The film features witty banter from and at the expense of both characters but both are, in the end, serious men of purpose and vision, vividly seen as when Roosevelt talks of the American Grizzly and El Raisuli tells of his years in prison at Mogador. Teddy’s Marines are ready to risk world war to accomplish their goals, El Raisuli tells his men that, if he is betrayed “let there be Jihad. Let the swords run with the infidel’s blood.” Teddy and, yes, the Berber El Rasouli too have elements of D.H. Lawrence’s century old description of the American soul as “hard, isolate, stoic and a killer. It has never yet melted.” Lawrence, a contemporary of the real Roosevelt and El Raisuli, actually knew very little about Americans but seemed to be contrasting the crude vigor of Americans with decadent and effete Europeans. Both of these Milius characters would rather settle thing personally. Teddy with “a couple of Winchesters and a battalion of Marines,” El Raisuli decries the Europeans who “fight as dogs” with heavy weapons, instead of settling things personally with swords or rifles where they can see each other’s eyes.

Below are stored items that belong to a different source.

(* Let $X_0=0$ and $X_n=\sum_{j=1}^{X_{n-1}}\xi_{n,j}+\varepsilon_n$ for $n\ge1$, where $\{\xi_{n,j},\varepsilon_n\}$ are independent nonnegative integer-valued random variables with $\xi_{n,j}$, $j\in\mathbb N$, identically distributed for each $n$. Let $G_n(x)=\mathbb E x^{\xi_{n,1}}$, $H_n(x)=\mathbb E x^{\varepsilon_n}$, $\rho_n=G_n'(1)\le 1$, and $m_{n,1}=\mathbb E\varepsilon_n$. Define $\overline G_{n+1,n}(x)=x$ and $\overline G_{j,n}(x)=G_j(\overline G_{j+1,n}(x))$ for $j\le n$. Assume $\prod_{n=2}^\infty\rho_n=\rho\in(0,1)$ and $\sum_{n=1}^\infty m_{n,1}<\infty$. Then for every $j$ and $x\in[0,1]$ the limit $\overline G_{j+1,\infty}(x)=\lim_{n\to\infty}\overline G_{j+1,n}(x)$ exists, and $X_n$ converges in distribution to a random variable $Y$ with generating function $$g(x)=\prod_{j=1}^\infty H_j\big(\overline G_{j+1,\infty}(x)\big).$$ *)

theory Defs
  imports "HOL-Probability.Probability"
begin

primrec bpi :: "(nat \<Rightarrow> nat \<Rightarrow> 'a \<Rightarrow> nat) \<Rightarrow> (nat \<Rightarrow> 'a \<Rightarrow> nat) \<Rightarrow> nat \<Rightarrow> 'a \<Rightarrow> nat" where
  "bpi xi eps 0 \<omega> = 0"
| "bpi xi eps (Suc n) \<omega> = (\<Sum>j=1..bpi xi eps n \<omega>. xi (Suc n) j \<omega>) + eps (Suc n) \<omega>"

definition pgf :: "'a measure \<Rightarrow> ('a \<Rightarrow> nat) \<Rightarrow> real \<Rightarrow> real" where
  "pgf M Z x = (\<integral>\<omega>. x ^ Z \<omega> \<partial>M)"

text \<open>Iterated composition: Gbar G j n = G j \<circ> G (j+1) \<circ> ... \<circ> G n;
  in particular Gbar G (n+1) n = id and Gbar G j n = G j \<circ> Gbar G (j+1) n for j \<le> n.\<close>
definition Gbar :: "(nat \<Rightarrow> real \<Rightarrow> real) \<Rightarrow> nat \<Rightarrow> nat \<Rightarrow> real \<Rightarrow> real" where
  "Gbar G j n = foldr (\<lambda>k f. G k \<circ> f) [j..<Suc n] id"

end

theory Submission
  imports Defs "HOL-Library.Diagonal_Subsequence"
begin

text \<open>
  Conditioning on \<open>X\<^sub>n\<close> and using independence gives the one-step recursion
  \<open>E x^X\<^sub>n\<^sub>+\<^sub>1 = H\<^sub>n\<^sub>+\<^sub>1(x) \<cdot> E (G\<^sub>n\<^sub>+\<^sub>1 x)^X\<^sub>n\<close>, hence the closed form
  \<open>E x^X\<^sub>n = \<Prod>j=1..n. H\<^sub>j(Gbar\<^sub>j\<^sub>+\<^sub>1\<^sub>,\<^sub>n x)\<close>.  Since \<open>G\<^sub>k'(1) \<le> 1\<close>, every \<open>G\<^sub>k\<close> lies above the
  identity on [0,1], so \<open>n \<mapsto> Gbar\<^sub>j\<^sub>,\<^sub>n x\<close> increases to a limit \<open>\<le> 1\<close>.  Bernoulli's inequality
  gives \<open>H\<^sub>j(y) \<ge> 1 - m\<^sub>j(1 - y)\<close> with summable means \<open>m\<^sub>j\<close>, so the factors of the closed form
  are uniformly close to 1 in the tail; this lets us pass to the limit inside the product
  and shows that the pgfs of \<open>X\<^sub>n\<close> converge to the infinite product \<open>g\<close>, with
  \<open>g(x) \<ge> 1 - (\<Sum>m\<^sub>j)(1 - x)\<close>.  Finally a continuity theorem for generating functions
  (diagonal extraction, uniqueness of power series coefficients, and the lower bound
  preventing loss of mass) turns pointwise convergence of pgfs into convergence of the
  point probabilities to a probability mass function, hence into weak convergence.
\<close>

section \<open>Generating functions of nonnegative integer random variables\<close>

lemma measurable_nat_fun:
  fixes h :: "nat \<Rightarrow> 'b::topological_space"
  assumes "X \<in> measurable M (count_space UNIV)"
  shows "(\<lambda>\<omega>. h (X \<omega>)) \<in> borel_measurable M"
  using measurable_compose[OF assms, of h borel] by simp

lemma level_set_measurable:
  assumes "X \<in> measurable M (count_space UNIV)"
  shows "{\<omega>\<in>space M. X \<omega> = (k::nat)} \<in> sets M"
proof -
  have "X -` {k} \<inter> space M \<in> sets M" using measurable_sets[OF assms, of "{k}"] by simp
  moreover have "X -` {k} \<inter> space M = {\<omega>\<in>space M. X \<omega> = k}" by auto
  ultimately show ?thesis by simp
qed

lemma nn_integral_nat_decomp:
  assumes X: "X \<in> measurable M (count_space UNIV)"
  shows "(\<integral>\<^sup>+\<omega>. h (X \<omega>) \<partial>M) = (\<Sum>k. emeasure M {\<omega>\<in>space M. X \<omega> = (k::nat)} * h k)"
proof -
  define A where "A k = {\<omega>\<in>space M. X \<omega> = k}" for k
  have A: "A k \<in> sets M" for k unfolding A_def by (rule level_set_measurable[OF X])
  have "(\<integral>\<^sup>+\<omega>. h (X \<omega>) \<partial>M) = (\<integral>\<^sup>+\<omega>. (\<Sum>k. h k * indicator (A k) \<omega>) \<partial>M)"
  proof (intro nn_integral_cong)
    fix \<omega> assume "\<omega> \<in> space M"
    then have "\<omega> \<in> A (X \<omega>)" by (simp add: A_def)
    moreover have "disjoint_family A" by (auto simp: disjoint_family_on_def A_def)
    ultimately show "h (X \<omega>) = (\<Sum>k. h k * indicator (A k) \<omega>)"
      by (simp add: suminf_cmult_indicator)
  qed
  also have "\<dots> = (\<Sum>k. \<integral>\<^sup>+\<omega>. h k * indicator (A k) \<omega> \<partial>M)"
    using A by (intro nn_integral_suminf) auto
  also have "\<dots> = (\<Sum>k. emeasure M (A k) * h k)"
    using A by (simp add: nn_integral_cmult_indicator mult.commute)
  finally show ?thesis by (simp add: A_def)
qed

context prob_space begin

lemma pgf_integrable:
  fixes x :: real
  assumes X: "X \<in> measurable M (count_space UNIV)" and x: "0 \<le> x" "x \<le> 1"
  shows "integrable M (\<lambda>\<omega>. x ^ X \<omega>)"
proof (rule integrable_const_bound[where B=1])
  show "AE \<omega> in M. norm (x ^ X \<omega>) \<le> 1"
    using x by (auto intro!: power_le_one simp: power_abs)
qed (rule measurable_nat_fun[OF X])

lemma pgf_nonneg: "0 \<le> x \<Longrightarrow> 0 \<le> pgf M X x"
  unfolding pgf_def by (auto intro!: integral_nonneg_AE)

lemma pgf_one: "pgf M X 1 = 1"
  unfolding pgf_def by (simp add: prob_space)

lemma pgf_mono:
  assumes X: "X \<in> measurable M (count_space UNIV)" and "0 \<le> x" "x \<le> y" "y \<le> 1"
  shows "pgf M X x \<le> pgf M X y"
  unfolding pgf_def
  using assms by (intro integral_mono pgf_integrable[OF X]) (auto intro: power_mono)

lemma pgf_le_one:
  assumes X: "X \<in> measurable M (count_space UNIV)" and "0 \<le> x" "x \<le> 1"
  shows "pgf M X x \<le> 1"
  using pgf_mono[OF X, of x 1] assms by (simp add: pgf_one)

lemma pgf_nn_integral:
  assumes X: "X \<in> measurable M (count_space UNIV)" and x: "0 \<le> x" "x \<le> 1"
  shows "(\<integral>\<^sup>+\<omega>. ennreal (x ^ X \<omega>) \<partial>M) = ennreal (pgf M X x)"
  unfolding pgf_def using x
  by (intro nn_integral_eq_integral pgf_integrable[OF X]) auto

lemma pgf_tendsto:
  assumes X: "X \<in> measurable M (count_space UNIV)"
    and y: "\<And>n. 0 \<le> y n" "\<And>n. y n \<le> 1" "y \<longlonglongrightarrow> z"
  shows "(\<lambda>n. pgf M X (y n)) \<longlonglongrightarrow> pgf M X z"
  unfolding pgf_def
proof (rule integral_dominated_convergence[where w="\<lambda>_. 1"])
  show "AE \<omega> in M. (\<lambda>n. y n ^ X \<omega>) \<longlonglongrightarrow> z ^ X \<omega>"
    using y by (auto intro!: tendsto_intros)
  show "\<And>n. AE \<omega> in M. norm (y n ^ X \<omega>) \<le> 1"
    using y by (auto intro!: power_le_one simp: power_abs)
qed (auto intro: measurable_nat_fun[OF X])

El Raisuli may be a brigand and “the last of the Barbary pirates,” and Roosevelt acknowledges the age of such driven “great men” is passing. The real Roosevelt died relatively young, at the age of sixty in 1919. The real El Raisuli, the old “Eagle of Zenat” who had survived a thousand skirmishes, would outlive him, dying a prisoner at the hands of his bitter enemy Abd El-Krim in 1925.

In contrast to our degraded, nihilistic age, both of Milius’s main characters are men of deep conviction, of “antiquated values,” as the director puts it, “if you don’t have some sort of code larger than yourself, you have nothing.” This is truth whether uttered in a movie or in our own real-life age of confusion. These are characters that believe in themselves and their mission in life. He could be speaking for either character when El Raisuli says “is there not one thing in your life that is worth losing everything for?” The Wind and the Lion is both a pleasant afternoon at the movies and a bit of a slightly fictionalized history lesson, but finally also a paean for men who fight fiercely, bloody but unbowed, for those venerable verities that endure.

Alberto M. Fernandez is a retired U.S. diplomat and Vice President of the Middle East Media Research Institute.